### Data excerpts
--- --- ---
lemma beta_eq_if_bridged_subgraph:
  assumes "\<And>n. bridged_subgraph (V n) (G n) (U n) L"
  shows "beta TYPE('k::field) V G = beta TYPE('k) V U"
proof (rule antisym)
  show "beta TYPE('k) V G \<le> beta TYPE('k) V U"
  proof (rule beta_le_if_s_q_le)
    fix q
    have "s_q TYPE('k) V G (L * q) \<le> s_q TYPE('k) V U q"
      by (rule s_q_mono, rule bridged_subgraph.excess_le_excess_supergraph[OF assms])
    then show "\<exists>q'. s_q TYPE('k) V G q' \<le> s_q TYPE('k) V U q"
      by blast
  qed
  show "beta TYPE('k) V U \<le> beta TYPE('k) V G"
  proof (rule beta_le_if_s_q_le)
    fix q
    have "s_q TYPE('k) V U (max q (Suc L)) \<le> s_q TYPE('k) V G q"
      by (rule s_q_mono, rule bridged_subgraph.excess_supergraph_le_excess[OF assms]) simp_all
    then show "\<exists>q'. s_q TYPE('k) V U q' \<le> s_q TYPE('k) V G q"
      by blast
  qed
qed

lemma bridged_subgraph_sup:
  assumes "simple_graph V G" and "simple_graph V H" and "0 < L"
    and "\<forall>x\<in>V. \<forall>y\<in>V. gdist G x y \<le> enat L * gdist H x y"
  shows "bridged_subgraph V G (sup G H) L"
proof
  show "simple_graph V (sup G H)"
    using assms(1,2) unfolding simple_graph_def by auto
  show "gdist G x y \<le> enat L" if "sup G H x y" for x y
  proof (cases "G x y")
    case True
    then have "gdist G x y \<le> 1"
      by (rule gdist_le_1_if_edge)
    also have "\<dots> \<le> enat L"
      using assms(3) by (simp add: one_enat_def)
    finally show ?thesis .
  next
    case False
    then have "H x y"
      using that by simp
    then have "x \<in> V" and "y \<in> V"
      using assms(2) by (auto simp: simple_graph_def)
    then have "gdist G x y \<le> enat L * gdist H x y"
      using assms(4) by blast
    also have "\<dots> \<le> enat L * 1"
      using gdist_le_1_if_edge[of H, OF \<open>H x y\<close>] by (rule mult_left_mono) simp
    finally show ?thesis
      by simp
  qed
qed (use assms in auto)

theorem proposition2:
  fixes V :: "nat \<Rightarrow> 'v set" and G H :: "nat \<Rightarrow> 'v \<Rightarrow> 'v \<Rightarrow> bool"
  assumes "graph_seq V G" and "graph_seq V H" and "seq_equiv V G H"
  shows "beta TYPE('k::field) V G = beta TYPE('k) V H"
proof -
  obtain L1 where L1: "0 < L1" "\<forall>n. \<forall>x\<in>V n. \<forall>y\<in>V n. gdist (G n) x y \<le> enat L1 * gdist (H n) x y"
    using assms(3) unfolding seq_equiv_def seq_prec_def by blast
  obtain L2 where L2: "0 < L2" "\<forall>n. \<forall>x\<in>V n. \<forall>y\<in>V n. gdist (H n) x y \<le> enat L2 * gdist (G n) x y"
    using assms(3) unfolding seq_equiv_def seq_prec_def by blast
  have simple: "simple_graph (V n) (G n)" "simple_graph (V n) (H n)" for n
    using assms(1,2) unfolding graph_seq_def by blast+
  have "beta TYPE('k) V G = beta TYPE('k) V (\<lambda>n. sup (G n) (H n))"
    using bridged_subgraph_sup[OF simple L1(1)] L1(2) by (intro beta_eq_if_bridged_subgraph) blast
  also have "\<dots> = beta TYPE('k) V (\<lambda>n. sup (H n) (G n))"
    by (simp add: sup_commute)
  also have "\<dots> = beta TYPE('k) V H"
    using bridged_subgraph_sup[OF simple(2,1) L2(1)] L2(2)
    by (intro beta_eq_if_bridged_subgraph[symmetric]) blast
  finally show ?thesis .
qed

end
--- --- ---
### Your goal
List each line of the records that holds the string "where".

### Solution to the problem
  obtain L1 where L1: "0 < L1" "\<forall>n. \<forall>x\<in>V n. \<forall>y\<in>V n. gdist (G n) x y \<le> enat L1 * gdist (H n) x y"
  obtain L2 where L2: "0 < L2" "\<forall>n. \<forall>x\<in>V n. \<forall>y\<in>V n. gdist (H n) x y \<le> enat L2 * gdist (G n) x y"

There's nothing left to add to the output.